Policies can be configured at server and scope levels using either DHCP server MMC or PowerShell. This post discusses configuring policies using DHCP PowerShell. Below is a list of DHCP PowerShell cmdlets provided for configuring and monitoring policies:
4) Add–DhcpServerv4PolicyIpRange
5) Get–DhcpServerv4PolicyIpRange
6) Remove–DhcpServerv4PolicyIpRange
8) Get- DhcpServerv4OptionValue
9) Set-DhcpServerv4OptionValue
Apart from these, there are non-policy specific cmdlets of Add-DhcpServerv4Scope , Set–DhcpServerv4Scope, Set-DhcpServerSetting , Get-DhcpServerV4Scope and Get-DhcpServerSetting, which can be used for activating/deactivating PBA on the DHCP server or individual DHCP scopes.
Policy Grammar
To understand the usage of these cmdlets, let us understand the structure of a policy and its representation in PowerShell. A policy is composed of conditions that a DHCP client must satisfy for the policy to be applicable. It also contains specific IP ranges (optional and available only for scope level policies) and specific DHCP options which are to be used while assigning leases and options to such clients.
A condition is normally represented as a criterion or an expression. A criterion consists of an attribute, an operator and the value of the attribute.
criterion = <attribute> <operator> <value>
An attribute is an identifier of the DHCP client. The following are the attributes supported in PBA:
1) Vendor Class
2) User Class
3) Mac Address
4) Client ID
5) Relay Agent Information (and its sub-options)
- Relay Agent Information
- Agent Circuit ID
- Agent Remote ID
- Subscriber ID
If the administrator wishes to assign leases from a specific IP address range to the DHCP clients belonging to a particular system vendor, he/she can do so by creating a policy specifying a criterion for the attribute of Vendor Class. Similarly, by using the MAC Address attribute, an administrator can configure policies that would be applicable to clients with a particular MAC Address prefix.
The administrator can also configure criterions where an attribute, say a MAC Address, is not equal to a certain value or begins with a certain value.

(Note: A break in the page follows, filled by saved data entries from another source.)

lemma slice_series_regext:
  assumes I: "I \<in> qsphere" and F: "1 \<le> fps_conv_radius F" and q: "q \<in> qball"
    and G: "\<And>w. cmod w < 1 \<Longrightarrow> G (sl I w) = sl I (eval_fps F w)"
  shows "slice_series I F q = regext I G q"
proof -
  have z: "cmod (slice_point q) < 1"
    using q slice_decomposition(3)[OF I] by (simp add: qball_def)
  have "slice_series I F q = slice_series I F (sl (slice_unit I q) (slice_point q))"
    using arg_cong[OF slice_decomposition(2)[OF I, of q], of "slice_series I F"] .
  also have "\<dots> = rep_formula I (slice_unit I q) (eval_fps F (slice_point q))
                      (eval_fps F (cnj (slice_point q)))"
    by (rule slice_series_sl[OF I slice_decomposition(1)[OF I] F z])
  also have "\<dots> = regext I G q"
    using regext_rep_formula[OF I q, of G "eval_fps F"] G by simp
  finally show ?thesis .
qed

lemma powser_unique_real:
  fixes e :: "nat \<Rightarrow> real"
  assumes h: "\<And>x. \<bar>x\<bar> < 1 \<Longrightarrow> (\<lambda>k. e k * x ^ k) sums 0"
  shows "e m = 0"
proof (rule ccontr)
  assume em: "e m \<noteq> 0"
  have "e 0 = 0" using h[of 0] by simp
  with em have m: "m > 0" by (cases m) auto
  have "\<exists>s. 0 < s \<and> (\<forall>z. z \<in> cball (0::real) s - {0} \<longrightarrow> (\<lambda>_. 0::real) z \<noteq> 0)"
    by (rule powser_0_nonzero[of 1 0 e "\<lambda>_. 0" m]) (use h em m in auto)
  then obtain s where s: "0 < s" and hs: "\<forall>z. z \<in> cball (0::real) s - {0} \<longrightarrow> (0::real) \<noteq> 0"
    by auto
  have "s \<in> cball (0::real) s - {0}" using s by auto
  then show False using hs by blast
qed

lemma qcoeff_unique:
  assumes ha: "\<And>x. \<bar>x\<bar> < 1 \<Longrightarrow> (\<lambda>k. qmul (qpow (qreal x) k) (a k)) sums s x"
    and hb: "\<And>x. \<bar>x\<bar> < 1 \<Longrightarrow> (\<lambda>k. qmul (qpow (qreal x) k) (b k)) sums s x"
  shows "a = b"
proof
  fix m
  have hd: "(\<lambda>k. x ^ k *\<^sub>R (a k - b k)) sums 0" if x: "\<bar>x\<bar> < 1" for x
    using sums_diff[OF ha[OF x] hb[OF x]]
    by (simp add: qpow_qreal qmul_qreal_left scaleR_diff_right)
  have "a m - b m = 0"
  proof (rule quat_eq_by_functionals)
    fix l :: "quat \<Rightarrow> real" assume bl: "bounded_linear l"
    have "(\<lambda>k. l (a k - b k) * x ^ k) sums 0" if x: "\<bar>x\<bar> < 1" for x
      using bounded_linear.sums[OF bl hd[OF x]]
      by (simp add: linear_simps[OF bl] mult.commute)
    then have "l (a m - b m) = 0" by (rule powser_unique_real)
    then show "l (a m - b m) = l 0" by (simp add: linear_simps[OF bl])
  qed
  then show "a m = b m" by simp
qed

lemma qcoeffs_slice_series:
  assumes I: "I \<in> qsphere" and F: "1 \<le> fps_conv_radius F"
    and g: "\<And>q. q \<in> qball \<Longrightarrow> g q = slice_series I F q"
  shows "qcoeffs g = (\<lambda>k. sl I (fps_nth F k))"
proof -
  define P where "P a \<longleftrightarrow> (\<forall>q\<in>qball. (\<lambda>n. qmul (qpow q n) (a n)) sums g q)" for a
  have P1: "P (\<lambda>k. sl I (fps_nth F k))"
    unfolding P_def using slice_series_sums[OF I F] g by simp
  have P2: "P (qcoeffs g)"
    unfolding qcoeffs_def P_def[symmetric] by (rule someI[of P, OF P1])
  have real: "qreal x \<in> qball" if "\<bar>x\<bar> < 1" for x
    using that by (simp add: qball_def qreal_def norm_Pair)
  show ?thesis
  proof (rule qcoeff_unique[where s = "\<lambda>x. g (qreal x)"])
    fix x :: real assume "\<bar>x\<bar> < 1"
    then show "(\<lambda>k. qmul (qpow (qreal x) k) (qcoeffs g k)) sums g (qreal x)"
      and "(\<lambda>k. qmul (qpow (qreal x) k) (sl I (fps_nth F k))) sums g (qreal x)"
      using P1 P2 real unfolding P_def by blast+
  qed
qed

(* C_I-coefficients multiply like complex ones, so *-powers correspond to powers of F. *)
lemma star_pow_coeffs_sl:
  assumes I: "I \<in> qsphere"
  shows "star_pow_coeffs (\<lambda>k. sl I (fps_nth F k)) n = (\<lambda>k. sl I (fps_nth (F ^ n) k))"
proof (induction n)
  case 0
  then show ?case by (auto simp: fun_eq_iff qone_def)
next
  case (Suc n)
  show ?case
    by (simp add: Suc fun_eq_iff star_coeffs_def fps_mult_nth sl_mult[OF I] sl_sum atLeast0AtMost)
qed

lemma star_pow_slice_series:
  assumes I: "I \<in> qsphere" and F: "1 \<le> fps_conv_radius F"
    and g: "\<And>q. q \<in> qball \<Longrightarrow> g q = slice_series I F q"
  shows "star_pow g n q = slice_series I (F ^ n) q"
proof -
  have "qcoeffs g = (\<lambda>k. sl I (fps_nth F k))" by (rule qcoeffs_slice_series[OF I F g])
  then show ?thesis
    unfolding star_pow_def pseries_def slice_series_def by (simp add: star_pow_coeffs_sl[OF I])
qed

definition complex_of_pair :: "real \<times> real \<Rightarrow> complex" where
  "complex_of_pair p = Complex (fst p) (snd p)"

lemma bounded_linear_complex_of_pair: "bounded_linear complex_of_pair"
proof -
  have "linear complex_of_pair"
    by (rule linearI) (simp_all add: complex_of_pair_def complex_eq_iff)
  then show ?thesis using linear_conv_bounded_linear by blast
qed

lemma slice_domain_eq:
  "J \<in> qsphere \<Longrightarrow> {(x, y). slice x y J \<in> qball} = complex_of_pair -` ball 0 1"
  by (auto simp: slice_sl complex_of_pair_def ball_sl_iff)

lemma open_slice_domain: "open (complex_of_pair -` ball 0 1)"
  by (rule continuous_open_vimage[OF open_ball])
     (simp add: linear_continuous_at[OF bounded_linear_complex_of_pair])

(* The derivative of a C_I-series along the slice C_J, in the real coordinates (x, y) of
   x + y J: differentiate the representation formula of slice_series_sl. *)
definition slice_series_deriv :: "quat \<Rightarrow> quat \<Rightarrow> complex fps \<Rightarrow> real \<times> real \<Rightarrow> real \<times> real \<Rightarrow> quat"
  where "slice_series_deriv I J F p d =
    rep_formula I J (eval_fps (fps_deriv F) (complex_of_pair p) * complex_of_pair d)
      (eval_fps (fps_deriv F) (cnj (complex_of_pair p)) * cnj (complex_of_pair d))"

This can be achieved by using Not Equals and Begins With operators respectively. The permissible operators are:
1) Equals ( <attribute> EQ <value> )
2) Not Equals ( <attribute> NE <value> ))
3) Begins With ( <attribute> EQ <value>* ))
4) Not Begins With ( <attribute> NE <value>* ))
Criterion for a policy that is intended to be applied to all clients belonging to a particular set of user classes (all of which share a common prefix - LAB) would look like MacAddress EQ LAB* .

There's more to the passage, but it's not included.